2011 Executive Officer Incentive Plan
1. THE PLAN
1.1 Objectives. The Executive Officer Incentive Plan (EOIP) of Fuel Tech, Inc., a
Delaware corporation, (the Company), is designed to provide each Participant with financial
incentives based upon Company financial results, measured in terms of Adjusted EBITDA, Revenues and
APC Bookings. The EOIP is an annual bonus plan based on successive fiscal year performance periods
commencing January 1, 2011, with payouts based on each fiscal years performance. Capitalized
terms not otherwise defined shall have the meanings set forth in Section 4 below.
1.2 Plan Supersedes All Prior Incentive Compensation Programs. This EOIP supersedes and
replaces all prior cash incentive compensation programs for all Participants.
2. ELIGIBILITY
2.1 Participants. The Companys Chief Executive Officer, Chief Financial Officer,
Executive Vice President of Marketing and Sales and Executive Vice President of Worldwide
Operations shall each be a Participant in the EOIP. The Committee, in its business discretion, may
subjectively decide to designate additional full-time senior management employees of the Company to
be Participants in the EOIP after consideration of the recommendations of the Companys Chief
Executive Officer. The addition of new full-time senior management employees to the EOIP would
require modification to the EOIPs formulaic funding or payout mechanics, subject to approval by
the Committee.
Participants must be employed on the last day of a fiscal year (December 31) in order to be
eligible for a payout under the EOIP based on that fiscal years performance. No amounts will be
deemed earned or payable under the EOIP by any Participant whose employment with the Company ends
on or before the last day of the fiscal year. A Participant deemed to be eligible for a payout in
accordance with the provisions of the EOIP for a given fiscal year, need not be employed on the day
of a bonus payout under this EOIP for such fiscal year in order to be eligible for the payout.

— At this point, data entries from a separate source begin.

(* Let $q$ be a prime power and $\mathcal{L}$ a non-empty set of lines of $\mathrm{PG}(n,q)$ satisfying (Pt), (Pl), (Sd) and (To) (see context). Suppose $\mathcal{L}$ contains a pentagon with vertices $A,B,C,D,E$, and let $U=\langle A,B,C,D,E\rangle$. Then $|\mathcal{L}_U|\ge 5q$ and $\dim(U)=4$.
   Context: (Pt): every point of $\mathrm{PG}(n,q)$ lies on $0$ or $q+1$ lines of $\mathcal{L}$. (Pl): every plane contains $0$, $1$ or $q+1$ lines of $\mathcal{L}$. (Sd): every solid ($3$-dimensional subspace) contains $0$, $1$, $q+1$ or $2q+1$ lines of $\mathcal{L}$. (To): $|\mathcal{L}|\le q^5+q^4+q^3+q^2+q+1$. For a subspace $U$, $\mathcal{L}_U$ is the set of lines of $\mathcal{L}$ contained in $U$. A pentagon of $\mathcal{L}$ with vertices $A,B,C,D,E$ is a set of five pairwise distinct points such that the lines $AB,BC,CD,DE,EA$ all belong to $\mathcal{L}$ and are pairwise distinct. *)

theory Defs
  imports "HOL-Analysis.Analysis"
begin

text \<open>PG(n,q) is modelled as the lattice of subspaces of the vector space F^(n+1),
  where F is a finite field of order q (type 'a) and n+1 = CARD('n).
  A projective k-subspace is a vector subspace of (vector) dimension k+1.\<close>

definition proj_sub :: "nat \<Rightarrow> ('a::field ^ 'n) set \<Rightarrow> bool" where
  "proj_sub k U \<longleftrightarrow> vec.subspace U \<and> vec.dim U = k + 1"

abbreviation is_point :: "('a::field ^ 'n) set \<Rightarrow> bool" where "is_point \<equiv> proj_sub 0"
abbreviation is_line :: "('a::field ^ 'n) set \<Rightarrow> bool" where "is_line \<equiv> proj_sub 1"
abbreviation is_plane :: "('a::field ^ 'n) set \<Rightarrow> bool" where "is_plane \<equiv> proj_sub 2"
abbreviation is_solid :: "('a::field ^ 'n) set \<Rightarrow> bool" where "is_solid \<equiv> proj_sub 3"

definition pdim :: "('a::field ^ 'n) set \<Rightarrow> int" where
  "pdim U = int (vec.dim U) - 1"

definition join :: "('a::field ^ 'n) set set \<Rightarrow> ('a ^ 'n) set" where
  "join S = vec.span (\<Union> S)"

definition lines_in :: "('a::field ^ 'n) set set \<Rightarrow> ('a ^ 'n) set \<Rightarrow> ('a ^ 'n) set set" where
  "lines_in L U = {l \<in> L. l \<subseteq> U}"

definition cond_Pt :: "('a::{field,finite} ^ 'n) set set \<Rightarrow> bool" where
  "cond_Pt L \<longleftrightarrow> (\<forall>P. is_point P \<longrightarrow>
     card {l \<in> L. P \<subseteq> l} = 0 \<or> card {l \<in> L. P \<subseteq> l} = CARD('a) + 1)"

definition cond_Pl :: "('a::{field,finite} ^ 'n) set set \<Rightarrow> bool" where
  "cond_Pl L \<longleftrightarrow> (\<forall>\<pi>. is_plane \<pi> \<longrightarrow> card (lines_in L \<pi>) \<in> {0, 1, CARD('a) + 1})"

definition cond_Sd :: "('a::{field,finite} ^ 'n) set set \<Rightarrow> bool" where
  "cond_Sd L \<longleftrightarrow> (\<forall>S. is_solid S \<longrightarrow>
     card (lines_in L S) \<in> {0, 1, CARD('a) + 1, 2 * CARD('a) + 1})"

definition cond_To :: "('a::{field,finite} ^ 'n) set set \<Rightarrow> bool" where
  "cond_To L \<longleftrightarrow> (let q = CARD('a) in card L \<le> q^5 + q^4 + q^3 + q^2 + q + 1)"

definition is_pentagon :: "('a::field ^ 'n) set set \<Rightarrow> ('a ^ 'n) set \<Rightarrow> ('a ^ 'n) set \<Rightarrow>
    ('a ^ 'n) set \<Rightarrow> ('a ^ 'n) set \<Rightarrow> ('a ^ 'n) set \<Rightarrow> bool" where
  "is_pentagon L A B C D E \<longleftrightarrow>
     is_point A \<and> is_point B \<and> is_point C \<and> is_point D \<and> is_point E \<and>
     distinct [A, B, C, D, E] \<and>
     join {A, B} \<in> L \<and> join {B, C} \<in> L \<and> join {C, D} \<in> L \<and> join {D, E} \<in> L \<and> join {E, A} \<in> L \<and>
     distinct [join {A, B}, join {B, C}, join {C, D}, join {D, E}, join {E, A}]"

end

theory Submission
  imports Defs
begin

text \<open>Let a plane \<pi> contain two lines of L through a point V. If a line n of L in \<pi> missed V,
  it would meet one of them, l, in a point X \<noteq> V. Every line k of L through X lies in \<pi>: otherwise
  the planes \<pi>, \<langle>k,l\<rangle> and \<langle>k,n\<rangle> of the solid \<langle>\<pi>,k\<rangle> would each carry q+1 lines of L (Pl),
  pairwise sharing at most one, so the solid would contain at least 3q > 2q+1 lines, against (Sd).
  By (Pt) the q+1 lines through X are then all the lines of L in \<pi>, including the second line
  through V, which is impossible. Hence all lines of L in \<pi> pass through V.

  The five planes spanned by consecutive edges of the pentagon are of this kind. Adjacent ones share
  only their common edge; a line common to the planes at A and C would put C, hence the edge BC,
  into the plane at A and force BC through A. So U contains at least 5(q+1) - 5 = 5q lines, more
  than a plane or a solid can carry, while being spanned by five points; thus dim U = 4.\<close>

context finite_dimensional_vector_space
begin

lemma dim_span_Un_add_dim_Int:
  assumes "subspace S" "subspace T"
  shows "dim (span (S \<union> T)) + dim (S \<inter> T) = dim S + dim T"
proof -
  have "span S = S" "span T = T" using assms by auto
  hence "span (S \<union> T) = {x + y |x y. x \<in> S \<and> y \<in> T}"
    by (simp only: span_Un)
  thus ?thesis using dim_sums_Int[OF assms] by simp
qed

lemma dim_Int_less:
  assumes "subspace S" "subspace T" "\<not> S \<subseteq> T"
  shows "dim (S \<inter> T) < dim S"
proof -
  have "span (S \<inter> T) = S \<inter> T" "span S = S"
    using assms subspace_inter by auto
  moreover have "S \<inter> T \<subset> S" using assms(3) by blast
  ultimately show ?thesis using dim_psubset by metis
qed

lemma dim_Un_le: "dim (S \<union> T) \<le> dim S + dim T"
proof -
  have "span (S \<union> T) = span (span S \<union> span T)"
    by (simp add: span_Un span_span)
  hence "dim (S \<union> T) = dim (span (span S \<union> span T))"
    by (metis dim_span)
  also have "\<dots> \<le> dim (span S) + dim (span T)"
    using dim_span_Un_add_dim_Int[of "span S" "span T"] by simp
  finally show ?thesis by simp
qed

lemma dim_Union_le_sum: "finite \<S> \<Longrightarrow> dim (\<Union>\<S>) \<le> (\<Sum>X\<in>\<S>. dim X)"
proof (induction rule: finite_induct)
  case (insert X \<S>)
  then show ?case using dim_Un_le[of X "\<Union>\<S>"] by simp
qed (simp add: dim_empty)

end

lemma subset_join: "X \<in> \<S> \<Longrightarrow> X \<subseteq> join \<S>"
  unfolding join_def by (meson Union_upper order_trans vec.span_superset)

lemma join_subset: "vec.subspace U \<Longrightarrow> \<Union>\<S> \<subseteq> U \<Longrightarrow> join \<S> \<subseteq> U"
  unfolding join_def by (rule vec.span_minimal)

lemma join_mono: "\<S> \<subseteq> \<T> \<Longrightarrow> join \<S> \<subseteq> join \<T>"
  unfolding join_def by (simp add: Sup_subset_mono vec.span_mono)

lemma proj_sub_subset_eq: "proj_sub k U \<Longrightarrow> proj_sub k W \<Longrightarrow> U \<subseteq> W \<Longrightarrow> U = W"
  unfolding proj_sub_def by (simp add: vec.subspace_dim_equal)

lemma lines_Int_eq_point:
  assumes "is_line l" "is_line m" "l \<noteq> m" "is_point P" "P \<subseteq> l" "P \<subseteq> m"
  shows "l \<inter> m = P"
proof -
  have "\<not> l \<subseteq> m" using assms proj_sub_subset_eq by blast
  hence "vec.dim (l \<inter> m) \<le> vec.dim P"
    using assms vec.dim_Int_less[of l m] unfolding proj_sub_def by simp
  thus ?thesis
    using assms vec.subspace_dim_equal[of P "l \<inter> m"] vec.subspace_inter
    unfolding proj_sub_def by auto
qed

lemma lines_eq_if_two_points:
  assumes "is_line l" "is_line m" "is_point P" "is_point Q" "P \<noteq> Q"
    "P \<subseteq> l" "Q \<subseteq> l" "P \<subseteq> m" "Q \<subseteq> m"
  shows "l = m"
  using assms lines_Int_eq_point[of l m P] lines_Int_eq_point[of l m Q] by fastforce

lemma is_plane_span_lines:
  assumes "is_line l" "is_line m" "l \<noteq> m" "is_point P" "P \<subseteq> l" "P \<subseteq> m"
  shows "is_plane (vec.span (l \<union> m))"
  using vec.dim_span_Un_add_dim_Int[of l m] lines_Int_eq_point[OF assms] assms
  unfolding proj_sub_def by simp

lemma coplanar_lines_Int_point:
  assumes "is_plane \<pi>" "is_line l" "is_line m" "l \<noteq> m" "l \<subseteq> \<pi>" "m \<subseteq> \<pi>"
  shows "is_point (l \<inter> m)"
proof -
  have "\<not> l \<subseteq> m" using assms proj_sub_subset_eq by blast
  hence "vec.dim (l \<inter> m) < 2" using assms vec.dim_Int_less[of l m] unfolding proj_sub_def by simp
  moreover have "vec.span (l \<union> m) \<subseteq> \<pi>"
    using assms vec.span_minimal[of "l \<union> m" \<pi>] unfolding proj_sub_def by simp
  hence "vec.dim (vec.span (l \<union> m)) \<le> vec.dim \<pi>" by (rule vec.dim_subset)
  ultimately show ?thesis
    using assms vec.dim_span_Un_add_dim_Int[of l m]
    unfolding proj_sub_def by (simp add: vec.subspace_inter)
qed

lemma planes_Int_eq_line:
  assumes "is_plane \<sigma>" "is_plane \<pi>" "\<sigma> \<noteq> \<pi>" "is_line l" "l \<subseteq> \<sigma>" "l \<subseteq> \<pi>"
  shows "\<sigma> \<inter> \<pi> = l"
proof -
  have "\<not> \<sigma> \<subseteq> \<pi>" using assms proj_sub_subset_eq by blast
  hence "vec.dim (\<sigma> \<inter> \<pi>) \<le> vec.dim l"
    using assms vec.dim_Int_less[of \<sigma> \<pi>] unfolding proj_sub_def by simp
  thus ?thesis
    using assms vec.subspace_dim_equal[of l "\<sigma> \<inter> \<pi>"] vec.subspace_inter
    unfolding proj_sub_def by auto
qed

lemma is_solid_span_plane_line:
  assumes "is_plane \<pi>" "is_line k" "\<not> k \<subseteq> \<pi>" "is_point X" "X \<subseteq> \<pi>" "X \<subseteq> k"
  shows "is_solid (vec.span (\<pi> \<union> k))"
proof -
  have "vec.dim (k \<inter> \<pi>) < 2" using assms vec.dim_Int_less[of k \<pi>] unfolding proj_sub_def by simp
  moreover have "vec.dim X \<le> vec.dim (\<pi> \<inter> k)" using assms vec.dim_subset by (metis le_inf_iff)
  ultimately have "vec.dim (\<pi> \<inter> k) = 1" using assms unfolding proj_sub_def by (simp add: Int_commute)
  thus ?thesis using assms vec.dim_span_Un_add_dim_Int[of \<pi> k] unfolding proj_sub_def by simp
qed

lemma card_field_ge_2: "CARD('a::{field,finite}) \<ge> 2"
proof -
  have "card {0::'a, 1} = 2" by simp
  moreover have "card {0::'a, 1} \<le> CARD('a)" by (rule card_mono) auto
  ultimately show ?thesis by simp
qed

2.2 Involuntary Termination of Employment. Notwithstanding the preceding paragraph, if,
during a fiscal year in which the EOIP is in effect, a Participants employment with the Company is
involuntarily terminated: (a) not for cause by the Company, or (b) on account of the Participants
death, or (c) on account of the Participants disability (as that term is defined below), then to
the extent and at the time the Company determines there shall be a payout for that fiscal year
under the EOIP, the affected Participant shall be eligible for a pro rata EOIP payment (or, in the
case of death, to that employees estate) in accordance with the applicable calculations of Section
4, EOIP Payouts and subject to all the other provisions of the EOIP; provided, however, that only
the normal employee wages paid to the affected employee (as determined by the Company in its sole
discretion and excluding bonuses, allowances, paid leave, vacation or severance payments) through
that Participants separation date from the Company shall be used in such pro rata allocations.
Any funds not paid out to a Participant under the EOIP, whether due to voluntary termination of
employment, termination of employment for cause or otherwise, will automatically revert back to the
Company.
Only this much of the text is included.